Once you have that LSVRC dataset, perform transfer learning as above but including the 1000 default categories along with your own images. For your own images, a minimum of 100 appropriate images per category is generally recommended (the more the better), and you can get better results if you enable distortions (but this will dramatically increase retraining time, especially if you don't have a GPU enabled as the bottleneck files cannot be reused for each distortion; personally I think this is pretty lame and there's no reason why distortions couldn't also be cached as a bottleneck file, but that's a different discussion and can be added to your code manually).
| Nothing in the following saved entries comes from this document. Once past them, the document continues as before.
definition self_adjoint :: "('a::field^'n \<Rightarrow> 'a^'n \<Rightarrow> 'a) \<Rightarrow> 'a^'n^'n \<Rightarrow> bool" where
  "self_adjoint B T \<longleftrightarrow> (\<forall>x y. B (T *v x) y = B x (T *v y))"

definition is_eigenvalue :: "'a::field^'n^'n \<Rightarrow> 'a \<Rightarrow> bool" where
  "is_eigenvalue T lam \<longleftrightarrow> (\<exists>x. x \<noteq> 0 \<and> T *v x = lam *s x)"

definition Upow :: "'a::field^'n^'n \<Rightarrow> 'a \<Rightarrow> nat \<Rightarrow> 'a^'n \<Rightarrow> 'a^'n" where
  "Upow T lam k x = ((\<lambda>y. T *v y - lam *s y) ^^ k) x"

definition gen_cycle :: "'a::field^'n^'n \<Rightarrow> 'a \<Rightarrow> 'a^'n \<Rightarrow> nat \<Rightarrow> bool" where
  "gen_cycle T lam x p \<longleftrightarrow> 0 < p \<and> Upow T lam p x = 0 \<and>
     (\<forall>k. 0 < k \<and> k < p \<longrightarrow> Upow T lam k x \<noteq> 0)"

definition cyc :: "'a::field^'n^'n \<Rightarrow> 'a \<Rightarrow> 'a^'n \<Rightarrow> nat \<Rightarrow> nat \<Rightarrow> 'a^'n" where
  "cyc T lam x p i = Upow T lam (p - i) x"

definition skew_normal :: "('a::field^'n \<Rightarrow> 'a^'n \<Rightarrow> 'a) \<Rightarrow> (nat \<Rightarrow> 'a^'n) \<Rightarrow> nat \<Rightarrow> 'a \<Rightarrow> bool" where
  "skew_normal B w p eps \<longleftrightarrow> (eps = 1 \<or> eps = -1) \<and>
     (\<forall>i\<in>{1..p}. \<forall>j\<in>{1..p}. B (w i) (w j) = (if i + j = p + 1 then eps else 0))"

end

theory Submission
  imports Defs "HOL-Computational_Algebra.Formal_Power_Series"
begin

text \<open>Write \<open>x' = q(U) x\<close> for a formal power series \<open>q\<close>; only its first \<open>p\<close> coefficients
  matter since \<open>U\<^sup>p x = 0\<close>. As \<open>U\<close> is self-adjoint, \<open>\<langle>U\<^sup>a x', U\<^sup>b x'\<rangle>\<close> is the coefficient of
  index \<open>p - 1 - a - b\<close> of \<open>q\<^sup>2 h\<close>, where \<open>h\<^sub>m = \<langle>x, U\<^bsup>p-1-m\<^esup> x\<rangle>\<close> and \<open>h\<^sub>0 = \<langle>v\<^sub>1, v\<^sub>p\<rangle> \<noteq> 0\<close>.
  Hence \<open>x'\<close> yields a skew-normal sequence of sign \<open>\<epsilon>\<close> as soon as \<open>q\<^sup>2 h = \<epsilon>\<close>, i.e. \<open>q\<close> is a
  square root of \<open>\<epsilon> h\<^sup>-\<^sup>1\<close>. Such a root exists whenever \<open>\<epsilon> / h\<^sub>0\<close> is a square in the field:
  always over \<open>\<complex>\<close>, and for \<open>\<epsilon> = sgn h\<^sub>0\<close> over \<open>\<real>\<close>. Since \<open>q\<^sub>0 \<noteq> 0\<close>, \<open>q(U)\<close> is invertible
  on the cycle space, so \<open>x'\<close> generates a cycle with the same span.\<close>

lemma Upow_0 [simp]: "Upow T lam 0 x = x"
  by (simp add: Upow_def)

lemma Upow_Suc: "Upow T lam (Suc k) x = T *v Upow T lam k x - lam *s Upow T lam k x"
  by (simp add: Upow_def)

lemma Upow_add: "Upow T lam (a + b) x = Upow T lam a (Upow T lam b x)"
  by (simp add: Upow_def funpow_add)

lemma Upow_vec_add: "Upow T lam k (x + y) = Upow T lam k x + Upow T lam k y"
  by (induction k) (simp_all add: Upow_Suc algebra_simps)

lemma Upow_scale: "Upow T lam k (c *s x) = c *s Upow T lam k x"
  by (induction k)
    (simp_all add: Upow_Suc vector_scalar_commute vec.scale_right_diff_distrib mult.commute)

lemma Upow_vec_zero [simp]: "Upow T lam k 0 = 0"
  by (induction k) (simp_all add: Upow_Suc)

lemma Upow_sum: "Upow T lam k (sum f A) = (\<Sum>a\<in>A. Upow T lam k (f a))"
  by (induction A rule: infinite_finite_induct) (simp_all add: Upow_vec_add)

lemma Upow_eq_0_mono:
  assumes "Upow T lam p x = 0" and "p \<le> m"
  shows "Upow T lam m x = 0"
  using assms Upow_add[of T lam "m - p" p x] by simp

context
  fixes B :: "'a::field^'n \<Rightarrow> 'a^'n \<Rightarrow> 'a"
  assumes B: "scalar_product B"
begin

lemma scalar_product_add_left: "B (x + y) z = B x z + B y z"
  using B unfolding scalar_product_def by blast

lemma scalar_product_scale_left: "B (c *s x) y = c * B x y"
  using B unfolding scalar_product_def by blast

lemma scalar_product_commute: "B x y = B y x"
  using B unfolding scalar_product_def by blast

lemma scalar_product_scale_right: "B y (c *s x) = c * B y x"
  by (metis scalar_product_commute scalar_product_scale_left)

lemma scalar_product_zero_left [simp]: "B 0 y = 0"
  using scalar_product_scale_left[of 0 0 y] by simp

lemma scalar_product_zero_right [simp]: "B y 0 = 0"
  by (metis scalar_product_commute scalar_product_zero_left)

lemma scalar_product_diff_left: "B (x - y) z = B x z - B y z"
  using scalar_product_add_left[of "x - y" y z] by simp

lemma scalar_product_diff_right: "B z (x - y) = B z x - B z y"
  by (metis scalar_product_commute scalar_product_diff_left)

lemma scalar_product_sum_left: "B (sum f A) y = (\<Sum>a\<in>A. B (f a) y)"
  by (induction A rule: infinite_finite_induct) (simp_all add: scalar_product_add_left)

lemma scalar_product_sum_right: "B y (sum f A) = (\<Sum>a\<in>A. B y (f a))"
  by (induction A rule: infinite_finite_induct)
    (simp_all add: scalar_product_add_left scalar_product_commute[of y])

lemma self_adjoint_Upow:
  assumes "self_adjoint B T"
  shows "B (Upow T lam k v) w = B v (Upow T lam k w)"
proof (induction k arbitrary: w)
  case (Suc k)
  have "B (Upow T lam (Suc k) v) w = B (T *v Upow T lam k v) w - lam * B (Upow T lam k v) w"
    by (simp add: Upow_Suc scalar_product_diff_left scalar_product_scale_left)
  also have "\<dots> = B (Upow T lam k v) (T *v w - lam *s w)"
    using assms by (simp add: self_adjoint_def scalar_product_diff_right scalar_product_scale_right)
  also have "\<dots> = B v (Upow T lam (Suc k) w)"
    using Suc Upow_add[of T lam k 1 w] by (simp add: Upow_def)
  finally show ?case .
qed simp

end

lemma sum_square_eq_triangle:
  fixes F :: "nat \<Rightarrow> nat \<Rightarrow> 'b::comm_monoid_add"
  assumes "\<And>i j. p \<le> i + j \<Longrightarrow> F i j = 0"
  shows "(\<Sum>i<p. \<Sum>j<p. F i j) = (\<Sum>k<p. \<Sum>i\<le>k. F i (k - i))"
proof -
  have "(\<Sum>i<p. \<Sum>j<p. F i j) = (\<Sum>(i,j)\<in>{..<p} \<times> {..<p}. F i j)"
    by (simp add: sum.cartesian_product)
  also have "\<dots> = (\<Sum>(i,j)\<in>{(i,j). i + j < p}. F i j)"
    by (rule sum.mono_neutral_right) (use assms leI in fastforce)+
  also have "\<dots> = (\<Sum>k<p. \<Sum>i\<le>k. F i (k - i))"
    by (rule sum.triangle_reindex)
  finally show ?thesis .
qed

text \<open>The operator \<open>f(U)\<close> truncated after \<open>U\<^bsup>p-1\<^esup>\<close>; on vectors killed by \<open>U\<^sup>p\<close> this is a ring action of
  the power series.\<close>

definition fps_apply :: "'a::field^'n^'n \<Rightarrow> 'a \<Rightarrow> nat \<Rightarrow> 'a fps \<Rightarrow> 'a^'n \<Rightarrow> 'a^'n" where
  "fps_apply T lam p f v = (\<Sum>k<p. fps_nth f k *s Upow T lam k v)"

lemma Upow_fps_apply: "Upow T lam m (fps_apply T lam p f v) = fps_apply T lam p f (Upow T lam m v)"
  unfolding fps_apply_def Upow_sum Upow_scale
  by (intro sum.cong refl) (metis Upow_add add.commute)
Using these methods and incorporating error analysis, we've trained general purpose classifiers on 4000+ categories to state-of-the-art accuracy and deployed them on tens of millions of images. We've since moved on to proprietary model design to overcome existing model limitations, but transfer learning is a highly legitimate way to get good results and has even made its way to natural language processing via BERT and other designs.
Hopefully, this helps.
Unfortunately, you cannot add categories to an existing graph; you'll basically have to save a checkpoint and train that graph from that checkpoint onward.